Required math: calculus

Required physics: Schrödinger equation

Reference: Griffiths, David J. (2005), Introduction to Quantum Mechanics, 2nd Edition; Pearson Education – Problem 1.14.

Using the Schrödinger equation we can derive an interesting quantity called the probability current.
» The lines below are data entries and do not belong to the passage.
(* Let $G$, $\mathfrak{g}$, $\mu$, $H_0,\dots,H_M$ be as in the context and let $h>0$. The stochastic implicit midpoint integrator $\Phi_h:T^*G\to T^*G$, $(Q_n,P_n)\mapsto(Q_{n+1},P_{n+1})$, defined in the context is almost surely equivariant with respect to the action $g\cdot(Q,P)=(gQ,(g^{-1})^*P)$ of $G$ on $T^*G$, i.e. almost surely $\Phi_h(g\cdot(Q,P))=g\cdot\Phi_h(Q,P)$ for all $g\in G$ and $(Q,P)\in T^*G$.
   Context: $G\subseteq\operatorname{GL}(n,\mathbb{C})$ is a compact simply connected matrix Lie group with $J$-quadratic Lie algebra $\mathfrak{g}$: there is a matrix $J$ with $J^*=\pm J$, $J^2=cI_n$ ($c\in\mathbb{R}\setminus\{0\}$) and $A^*J+JA=0$ for all $A\in\mathfrak{g}$ ($A^*$ = conjugate transpose). $\mathfrak{g}^*$ is identified with $\mathfrak{g}$ via $\langle X,V\rangle=\operatorname{Tr}(X^*V)$, gradients are taken w.r.t. this inner product. The momentum map is $\mu(Q,P)=\tfrac12Q^*P-\tfrac1{2c}JP^*QJ$. $H_0,\dots,H_M:\mathfrak{g}^*\to\mathbb{R}$ are differentiable Hamiltonians. Set $f_i(Q,P)=\tfrac12Q\nabla H_i(\mu(Q,P))$ and $k_i(Q,P)=-\tfrac12P\nabla H_i(\mu(Q,P))^*$, $i=0,\dots,M$. Truncated noise: for each $i$ and step $n$, let $\xi\sim\mathcal N(0,1)$ with $\xi\sqrt h=W^i(t_n+h)-W^i(t_n)$ ($W^i$ independent Brownian motions), let $A_h=\sqrt{2l|\log h|}$ for a fixed positive integer $l$, and let $(\zeta_i)_n=A_h$ if $\xi>A_h$, $-A_h$ if $\xi<-A_h$, $\xi$ otherwise. The integrator $\Phi_h=\Phi_h^{(2)}\circ\Phi_h^{(1)}$: given $(Q_n,P_n)$, $\Phi_h^{(1)}$ determines $(\tilde Q,\tilde P)$ implicitly from $Q_n=\tilde Q-\tfrac12\big(f_0(\tilde Q,\tilde P)h+\sum_{i=1}^M f_i(\tilde Q,\tilde P)(\zeta_i)_n\sqrt h\big)$, $P_n=\tilde P-\tfrac12\big(k_0(\tilde Q,\tilde P)h+\sum_{i=1}^M k_i(\tilde Q,\tilde P)(\zeta_i)_n\sqrt h\big)$, and $\Phi_h^{(2)}$ sets $Q_{n+1}=\tilde Q+\tfrac12\big(f_0(\tilde Q,\tilde P)h+\sum_{i} f_i(\tilde Q,\tilde P)(\zeta_i)_n\sqrt h\big)$, $P_{n+1}=\tilde P+\tfrac12\big(k_0(\tilde Q,\tilde P)h+\sum_{i} k_i(\tilde Q,\tilde P)(\zeta_i)_n\sqrt h\big)$. *)

theory Defs
  imports "HOL-Analysis.Analysis"
begin

type_synonym 'n cmat = "complex^'n^'n"

definition adj :: "'n::finite cmat \<Rightarrow> 'n cmat" where
  "adj A = (\<chi> i j. cnj (A $ j $ i))"

primrec matpow :: "'n::finite cmat \<Rightarrow> nat \<Rightarrow> 'n cmat" where
  "matpow A 0 = mat 1"
| "matpow A (Suc k) = A ** matpow A k"

definition mexp :: "'n::finite cmat \<Rightarrow> 'n cmat" where
  "mexp A = (\<Sum>k. (1 / fact k) *\<^sub>R matpow A k)"

text \<open>A compact, simply connected matrix Lie group G \<subseteq> GL(n,C)
  (closed subgroup of GL(n,C); closedness follows from compactness).\<close>
definition compact_sc_matrix_group :: "'n::finite cmat set \<Rightarrow> bool" where
  "compact_sc_matrix_group G \<longleftrightarrow>
     G \<subseteq> {A. invertible A} \<and> mat 1 \<in> G \<and>
     (\<forall>A\<in>G. \<forall>B\<in>G. A ** B \<in> G) \<and> (\<forall>A\<in>G. matrix_inv A \<in> G) \<and>
     compact G \<and> simply_connected G"

definition lie_alg :: "'n::finite cmat set \<Rightarrow> 'n cmat set" where
  "lie_alg G = {A. \<forall>t::real. mexp (t *\<^sub>R A) \<in> G}"

definition J_quadratic :: "'n::finite cmat set \<Rightarrow> 'n cmat \<Rightarrow> real \<Rightarrow> bool" where
  "J_quadratic g J c \<longleftrightarrow>
     (adj J = J \<or> adj J = - J) \<and> J ** J = c *\<^sub>R mat 1 \<and> c \<noteq> 0 \<and>
     (\<forall>A\<in>g. adj A ** J + J ** A = 0)"

definition is_gradient :: "'n::finite cmat set \<Rightarrow> ('n cmat \<Rightarrow> real) \<Rightarrow> 'n cmat \<Rightarrow> 'n cmat \<Rightarrow> bool" where
  "is_gradient g H X D \<longleftrightarrow>
     D \<in> g \<and> (H has_derivative (\<lambda>V. Re (trace (adj D ** V)))) (at X within g)"

definition mom :: "'n::finite cmat \<Rightarrow> real \<Rightarrow> 'n cmat \<Rightarrow> 'n cmat \<Rightarrow> 'n cmat" where
  "mom J c Q P = (1/2) *\<^sub>R (adj Q ** P) - (1 / (2 * c)) *\<^sub>R (J ** adj P ** Q ** J)"

definition fvec :: "'n::finite cmat \<Rightarrow> real \<Rightarrow> (nat \<Rightarrow> 'n cmat \<Rightarrow> 'n cmat) \<Rightarrow> nat
    \<Rightarrow> 'n cmat \<Rightarrow> 'n cmat \<Rightarrow> 'n cmat" where
  "fvec J c gradH i Q P = (1/2) *\<^sub>R (Q ** gradH i (mom J c Q P))"

definition kvec :: "'n::finite cmat \<Rightarrow> real \<Rightarrow> (nat \<Rightarrow> 'n cmat \<Rightarrow> 'n cmat) \<Rightarrow> nat
    \<Rightarrow> 'n cmat \<Rightarrow> 'n cmat \<Rightarrow> 'n cmat" where
  "kvec J c gradH i Q P = - (1/2) *\<^sub>R (P ** adj (gradH i (mom J c Q P)))"

definition incr :: "(nat \<Rightarrow> 'n::finite cmat \<Rightarrow> 'n cmat \<Rightarrow> 'n cmat) \<Rightarrow> nat \<Rightarrow> real
    \<Rightarrow> (nat \<Rightarrow> real) \<Rightarrow> 'n cmat \<Rightarrow> 'n cmat \<Rightarrow> 'n cmat" where
  "incr F M h \<zeta> Q P = h *\<^sub>R F 0 Q P + (\<Sum>i\<in>{1..M}. (\<zeta> i * sqrt h) *\<^sub>R F i Q P)"

text \<open>One step of the stochastic implicit midpoint integrator, for a given
  realisation \<zeta> of the (truncated) noise: (Q',P') = Phi_h(Q,P).  Since the
  first half-step is implicit, the step is formalised as a relation:
  (Q',P') is an output of Phi_h at (Q,P) iff some (Qt,Pt) solves the
  implicit equations and (Q',P') is obtained from it by the explicit step.\<close>
definition midpoint_step :: "'n::finite cmat \<Rightarrow> real \<Rightarrow> (nat \<Rightarrow> 'n cmat \<Rightarrow> 'n cmat) \<Rightarrow> nat
    \<Rightarrow> real \<Rightarrow> (nat \<Rightarrow> real) \<Rightarrow> 'n cmat \<times> 'n cmat \<Rightarrow> 'n cmat \<times> 'n cmat \<Rightarrow> bool" where
  "midpoint_step J c gradH M h \<zeta> QP QP' \<longleftrightarrow>
     (\<exists>Qt Pt.
        fst QP = Qt - (1/2) *\<^sub>R incr (fvec J c gradH) M h \<zeta> Qt Pt \<and>
        snd QP = Pt - (1/2) *\<^sub>R incr (kvec J c gradH) M h \<zeta> Qt Pt \<and>
        fst QP' = Qt + (1/2) *\<^sub>R incr (fvec J c gradH) M h \<zeta> Qt Pt \<and>
        snd QP' = Pt + (1/2) *\<^sub>R incr (kvec J c gradH) M h \<zeta> Qt Pt)"

definition act :: "'n::finite cmat \<Rightarrow> 'n cmat \<times> 'n cmat \<Rightarrow> 'n cmat \<times> 'n cmat" where
  "act g QP = (g ** fst QP, adj (matrix_inv g) ** snd QP)"

definition trunc_level :: "nat \<Rightarrow> real \<Rightarrow> real" where
  "trunc_level l h = sqrt (2 * real l * \<bar>ln h\<bar>)"

end

theory Submission
  imports Defs
begin

text \<open>The momentum map is invariant under the cotangent-lifted action
  (Q, P) \<mapsto> (gQ, (g^-1)^* P), since Q^* P and P^* Q are. Hence the vector fields f_i and k_i
  transform linearly, f_i(g\<cdot>x) = g f_i(x) and k_i(g\<cdot>x) = (g^-1)^* k_i(x), and so do the
  increments of both half-steps. The action therefore maps a solution (Q_t, P_t) of
  the implicit equations at x to one at g\<cdot>x, and its inverse does the converse.\<close>

lemma equivariant_relation_image:
  assumes equivariant: "\<And>x y. R (f x) (f y) \<longleftrightarrow> R x y" and right_inverse: "\<And>y. f (f' y) = y"
  shows "{y. R (f x) y} = f ` {y. R x y}"
proof (intro set_eqI iffI)
  fix y
  assume "y \<in> {y. R (f x) y}"
  then have "R x (f' y)"
    using equivariant [of x "f' y"] by (simp add: right_inverse)
  then show "y \<in> f ` {y. R x y}"
    by (intro image_eqI [of y f "f' y"]) (simp_all add: right_inverse)
qed (auto simp: equivariant)

lemma adj_matrix_mult: "adj (A ** B) = adj B ** adj (A :: 'n::finite cmat)"
  by (simp add: adj_def matrix_matrix_mult_def vec_eq_iff mult.commute)

lemma adj_mat_1 [simp]: "adj (mat 1 :: 'n::finite cmat) = mat 1"
  by (simp add: adj_def mat_def vec_eq_iff)

lemma adj_adj [simp]: "adj (adj A) = (A :: 'n::finite cmat)"
  by (simp add: adj_def vec_eq_iff)

lemma linear_matrix_mult_left: "linear (\<lambda>B. (A :: 'a::real_algebra_1^'n^'m) ** B)"
  by (rule linearI) (simp_all add: matrix_add_ldistrib matrix_scalar_ac scalar_matrix_assoc)

lemma
  fixes A :: "'a::semiring_1^'n^'n"
  assumes "invertible A"
  shows matrix_inv_right: "A ** matrix_inv A = mat 1"
    and matrix_inv_left: "matrix_inv A ** A = mat 1"
proof -
  have "\<exists>A'. A ** A' = mat 1 \<and> A' ** A = mat 1"
    using assms by (simp add: invertible_def)
  from someI_ex [OF this] show "A ** matrix_inv A = mat 1" "matrix_inv A ** A = mat 1"
    by (simp_all add: matrix_inv_def)
qed

lemma invertible_matrix_inv:
  fixes A :: "'a::semiring_1^'n^'n"
  shows "invertible A \<Longrightarrow> invertible (matrix_inv A)"
  using matrix_inv_left matrix_inv_right invertible_def by blast

lemma matrix_inv_matrix_inv:
  fixes A :: "'a::semiring_1^'n^'n"
  assumes "invertible A"
  shows "matrix_inv (matrix_inv A) = A"
proof -
  let ?B = "matrix_inv A"
  have "matrix_inv ?B = matrix_inv ?B ** (?B ** A)"
    using matrix_inv_left [OF assms] by simp
  also have "\<dots> = A"
    using matrix_inv_left [OF invertible_matrix_inv [OF assms]] by (simp add: matrix_mul_assoc)
  finally show ?thesis .
qed

lemma act_act_matrix_inv:
  assumes "invertible g"
  shows "act (matrix_inv g) (act g x) = x"
proof -
  have "adj (matrix_inv (matrix_inv g)) ** adj (matrix_inv g) = mat 1"
    by (simp add: matrix_inv_matrix_inv matrix_inv_left assms flip: adj_matrix_mult)
  then show ?thesis
    by (simp add: act_def matrix_mul_assoc matrix_inv_left assms)
qed

lemma mom_act:
  assumes "invertible g"
  shows "mom J c (g ** Q) (adj (matrix_inv g) ** P) = mom J c Q P"
proof -
  have "adj (g ** Q) ** (adj (matrix_inv g) ** P) = adj Q ** adj (matrix_inv g ** g) ** P"
    by (simp add: adj_matrix_mult matrix_mul_assoc)
  then have cross: "adj (g ** Q) ** (adj (matrix_inv g) ** P) = adj Q ** P"
    by (simp add: matrix_inv_left assms)
  have "J ** adj (adj (matrix_inv g) ** P) ** (g ** Q) ** J
      = J ** adj P ** (matrix_inv g ** g) ** Q ** J"
    by (simp add: adj_matrix_mult matrix_mul_assoc)
  then have cross_adj: "J ** adj (adj (matrix_inv g) ** P) ** (g ** Q) ** J = J ** adj P ** Q ** J"
    by (simp add: matrix_inv_left assms)
  show ?thesis
    unfolding mom_def cross cross_adj ..
qed

lemma incr_linear_image:
  assumes "linear L" and "\<And>i. F i Q' P' = L (F i Q P)"
  shows "incr F M h \<zeta> Q' P' = L (incr F M h \<zeta> Q P)"
  by (simp add: incr_def assms linear_add linear_scale linear_sum [OF assms(1)])

lemma incr_fvec_act:
  assumes "invertible g"
  shows "incr (fvec J c gradH) M h \<zeta> (g ** Q) (adj (matrix_inv g) ** P)
       = g ** incr (fvec J c gradH) M h \<zeta> Q P"
  by (rule incr_linear_image [OF linear_matrix_mult_left])
     (simp add: fvec_def mom_act assms matrix_scalar_ac scalar_matrix_assoc matrix_mul_assoc)

lemma incr_kvec_act:
  assumes "invertible g"
  shows "incr (kvec J c gradH) M h \<zeta> (g ** Q) (adj (matrix_inv g) ** P)
       = adj (matrix_inv g) ** incr (kvec J c gradH) M h \<zeta> Q P"
  by (rule incr_linear_image [OF linear_matrix_mult_left])
     (simp add: kvec_def mom_act assms matrix_mul_assoc
        linear_neg [OF linear_matrix_mult_left] linear_scale [OF linear_matrix_mult_left])

lemma midpoint_step_act:
  assumes "invertible g" and "midpoint_step J c gradH M h \<zeta> x y"
  shows "midpoint_step J c gradH M h \<zeta> (act g x) (act g y)"
proof -
  obtain Qt Pt where solution:
    "fst x = Qt - (1/2) *\<^sub>R incr (fvec J c gradH) M h \<zeta> Qt Pt"
    "snd x = Pt - (1/2) *\<^sub>R incr (kvec J c gradH) M h \<zeta> Qt Pt"
    "fst y = Qt + (1/2) *\<^sub>R incr (fvec J c gradH) M h \<zeta> Qt Pt"
    "snd y = Pt + (1/2) *\<^sub>R incr (kvec J c gradH) M h \<zeta> Qt Pt"
    using assms(2) unfolding midpoint_step_def by blast
  let ?Qt = "g ** Qt" and ?Pt = "adj (matrix_inv g) ** Pt"
  have "fst (act g x) = ?Qt - (1/2) *\<^sub>R incr (fvec J c gradH) M h \<zeta> ?Qt ?Pt \<and>
      snd (act g x) = ?Pt - (1/2) *\<^sub>R incr (kvec J c gradH) M h \<zeta> ?Qt ?Pt \<and>
      fst (act g y) = ?Qt + (1/2) *\<^sub>R incr (fvec J c gradH) M h \<zeta> ?Qt ?Pt \<and>
      snd (act g y) = ?Pt + (1/2) *\<^sub>R incr (kvec J c gradH) M h \<zeta> ?Qt ?Pt"
    using solution
    by (simp add: act_def incr_fvec_act incr_kvec_act assms
        linear_add [OF linear_matrix_mult_left] linear_diff [OF linear_matrix_mult_left]
        linear_scale [OF linear_matrix_mult_left])
  then show ?thesis
    unfolding midpoint_step_def by blast
qed

lemma midpoint_step_act_iff:
  assumes "invertible g"
  shows "midpoint_step J c gradH M h \<zeta> (act g x) (act g y) \<longleftrightarrow> midpoint_step J c gradH M h \<zeta> x y"
proof
  assume "midpoint_step J c gradH M h \<zeta> (act g x) (act g y)"
  from midpoint_step_act [OF invertible_matrix_inv [OF assms] this]
  show "midpoint_step J c gradH M h \<zeta> x y"
    by (simp add: act_act_matrix_inv assms)
qed (rule midpoint_step_act [OF assms])

theorem lemma4p2:
  fixes G :: "'n::finite cmat set"
    and J :: "'n cmat" and c :: real
    and H :: "nat \<Rightarrow> 'n cmat \<Rightarrow> real"
    and gradH :: "nat \<Rightarrow> 'n cmat \<Rightarrow> 'n cmat"
    and M l :: nat and h :: real and \<zeta> :: "nat \<Rightarrow> real"
  assumes "compact_sc_matrix_group G"
    and "J_quadratic (lie_alg G) J c"
    and "\<And>i X. i \<le> M \<Longrightarrow> X \<in> lie_alg G \<Longrightarrow> is_gradient (lie_alg G) (H i) X (gradH i X)"
    and "l > 0" and "h > 0"
    and "\<And>i. i \<in> {1..M} \<Longrightarrow> \<bar>\<zeta> i\<bar> \<le> trunc_level l h"
    and "g \<in> G"
  shows "{QP'. midpoint_step J c gradH M h \<zeta> (act g QP) QP'}
           = act g ` {QP'. midpoint_step J c gradH M h \<zeta> QP QP'}"
proof -
  have g: "invertible g"
    using assms(1,7) unfolding compact_sc_matrix_group_def by blast
  have "act g (act (matrix_inv g) y) = y" for y
    using act_act_matrix_inv [OF invertible_matrix_inv [OF g]] by (simp add: matrix_inv_matrix_inv g)
  with midpoint_step_act_iff [OF g] show ?thesis
    by (rule equivariant_relation_image)
qed

end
Using the probabilistic interpretation of the wave function, the probability of a particle being between {x=a} and {x=b} is

\displaystyle  P_{ab}=\int_{a}^{b}\left|\Psi^*\Psi\right|dx \ \ \ \ \ (1)

The rate of change of this probability can then be expressed in terms of spatial derivatives using the Schrödinger equation:

\displaystyle   \frac{dP_{ab}}{dt} \displaystyle  = \displaystyle  \int_{a}^{b}\left[\frac{\partial\Psi^*}{\partial t}\Psi+\frac{\partial\Psi}{\partial t}\Psi^*\right]dx\ \ \ \ \ (2)
\displaystyle  \displaystyle  = \displaystyle  \int_{a}^{b}\left\{ -\frac{i\hbar}{2m}\frac{\partial^{2}\Psi^*}{\partial x^{2}}-\frac{1}{i\hbar}V\Psi^*\right\} \Psi dx\ \ \ \ \ (3)
\displaystyle  \displaystyle  \displaystyle  +\int_{a}^{b}\left\{ \frac{i\hbar}{2m}\frac{\partial^{2}\Psi}{\partial x^{2}}+\frac{1}{i\hbar}V\Psi\right\} \Psi^*dx\ \ \ \ \ (4)
\displaystyle  \displaystyle  = \displaystyle  \frac{i\hbar}{2m}\int_{a}^{b}\left[\frac{\partial^{2}\Psi}{\partial x^{2}}\Psi^*-\frac{\partial^{2}\Psi^*}{\partial x^{2}}\Psi\right]dx \ \ \ \ \ (5)

We can now apply integration by parts to each term.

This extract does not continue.